[linds]

Hello,
I'm having trouble figuring out where to start in solving the following problem.  Any help would be appreciated!

Both Al and Zn are used in air batteries, those that use oxygen from the air as an oxidizing agent.  These reactions take place in out time, or the other:
4Al(s) + 3O2(g)    2Al2O3(s)
2Zn(s) + O2(g)     2ZnO(s)

a) Calculate  :delta:G for these reactions at 25C. 
b) what is the maximum number of kilojoules that can be extracted from one pound (454g) of each metal? 
c) what is the voltage, E0cell of each battery?


I think part A is this:
 :delta: G = 2(-1582) - 4(0) + 3(0) = -3164
 :delta: G = 2(0) + 0 - 2(-318.2) = 636.4
Total  :delta: G = -2528.6

Can that be right?  And how to I get part B?

Thanks so much for any help you can offer.
Lindsey

[MrKeller]

First, you don't add the two  :delta: G values together. Each reaction has its own value and this is what your question is asking for. If you looked up the correct :delta: G_f values then your part A is fine.

As to part B, just use dimensional analysis:
1 pound * (454 g/pound) * (1 mol/molar mass of metal) * (# of kJ/mol)

the last one is the :delta: G you calculated for each reaction. The value of :delta: G is the value of the maximum amount of work you can get out of a process.

For part C you need to use the fact that :delta: G = -nFE to find the E0cell. Find n by figuring out how many electrons need to be transferred to reduce oxygen to O2- and to oxidize the metal to the correct oxidation state.

[linds]

Thank you so much, this was a great *delete me*  I think I have it right, but if you have time to check it that'd be great.

Part A:
 :delta: G for Al2O3 = -3164 kJ/mol
 :delta: G for ZnO = 636.4 kJ/mol

Part B:  1 lb = (454g/1lb) * (1mol/MW) * (kJ/mol)
So for Al2O3,   454/101.96 * x kJ/mol = 1lb
x = .225kJ/mol Al2O3

For ZnO,    454/81.41 * x kJ/mol = 1lb
x = 0.180kJ/mol
(the only thing I'm unsure of is if I'm using the proper MW for the second part- it's supposed to be for ZnO, right?)

Part C:    :delta: G = -nFEcell
For Al2O3. -3164 kJ/mol = -(3)(96.5)(Ecell)
Ecell = 10.929V

For ZnO,  636.4 = -(-2)(96.5)(Ecell)
Ecell = 32.974V


Does this look about right?  Thanks!

[MrKeller]

Part A:
 :delta: G for Al2O3 = -3164 kJ/mol
 :delta: G for ZnO = 636.4 kJ/mol

These could be right for all I know. I don't have time to look up the values and do the arithmetic.

Part B:  1 lb = (454g/1lb) * (1mol/MW) * (kJ/mol)
So for Al2O3,   454/101.96 * x kJ/mol = 1lb
x = .225kJ/mol Al2O3

For ZnO,    454/81.41 * x kJ/mol = 1lb
x = 0.180kJ/mol
(the only thing I'm unsure of is if I'm using the proper MW for the second part- it's supposed to be for ZnO, right?)

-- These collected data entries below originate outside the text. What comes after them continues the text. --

text \<open>A 0-1 sequence is a list of booleans: True = term 1 = step (1,1),
  False = term 0 = step (1,-1). The height (y-coordinate) after the
  prefix of length k is (#1's) - (#0's) in that prefix.\<close>

definition height :: "bool list \<Rightarrow> int" where
  "height xs = int (length (filter id xs)) - int (length (filter Not xs))"

definition ballot :: "bool list \<Rightarrow> bool" where
  "ballot xs \<longleftrightarrow> (\<forall>k\<in>{1..length xs}. height (take k xs) > 0)"

definition bounded_walk :: "nat \<Rightarrow> bool list \<Rightarrow> bool" where
  "bounded_walk b xs \<longleftrightarrow> ballot xs \<and>
     (\<forall>k\<le>length xs. height (take k xs) \<le> 2 * int b) \<and> height xs > int b"

definition num_bounded_walks :: "nat \<Rightarrow> nat" where
  "num_bounded_walks n = card {xs. length xs = n \<and> bounded_walk (nat \<lfloor>sqrt (real n)\<rfloor>) xs}"

end

theory Submission
  imports Defs
begin

(*
  Let T(h) be the number of ballot walks of length m + 1 ending above height h.  Such a walk
  starts with an up-step and never returns to 0; reflecting the part of a walk before its first
  return to 0 pairs the returning walks that start with an up-step with the walks that start
  with a down-step, which gives the ballot theorem T(h) = m choose ((m + h + 1) div 2).
  A ballot walk ending above b that is not b-bounded either ends above 2b, or overshoots 2b and
  ends below 2b + 1; reflecting the latter after its last visit to 2b + 1 maps it injectively
  to a ballot walk ending above 2b + 1.  Hence there are at least T(b) - T(2b) - T(2b + 1)
  b-bounded walks.  For b = floor (sqrt n), comparing consecutive binomial coefficients shows
  that T(2b) < T(b) / 2 and that T(b) is a constant fraction of the central binomial
  coefficient, which is at least 4^k / (2 sqrt k).
*)

section \<open>Levels of a walk and reflections\<close>

lemma height_Nil [simp]: "height [] = 0"
  by (simp add: height_def)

Assuming your :delta: G values are OK this looks fine except that you need to use the MW of the metal, not the metal oxide. It makes more sense to know the work for the amount of starting material than to know it for the amount of product.

Part C:    :delta: G = -nFEcell
For Al2O3. -3164 kJ/mol = -(3)(96.5)(Ecell)
Ecell = 10.929V

For ZnO,  636.4 = -(-2)(96.5)(Ecell)
Ecell = 32.974V

I think some small corrections are in order:
 :delta: G = -nFEcell
 For Al2O3: 3.164e6 J/mol = -(12 mol e-)(96,500C/mol e-)Ecell

Basically, pay attention to units (use J not kJ because 1 V = 1 J/C) and be sure to get the correct number of moles of electrons. I get 2.72 V for the Al reaction. This seems reasonable to me.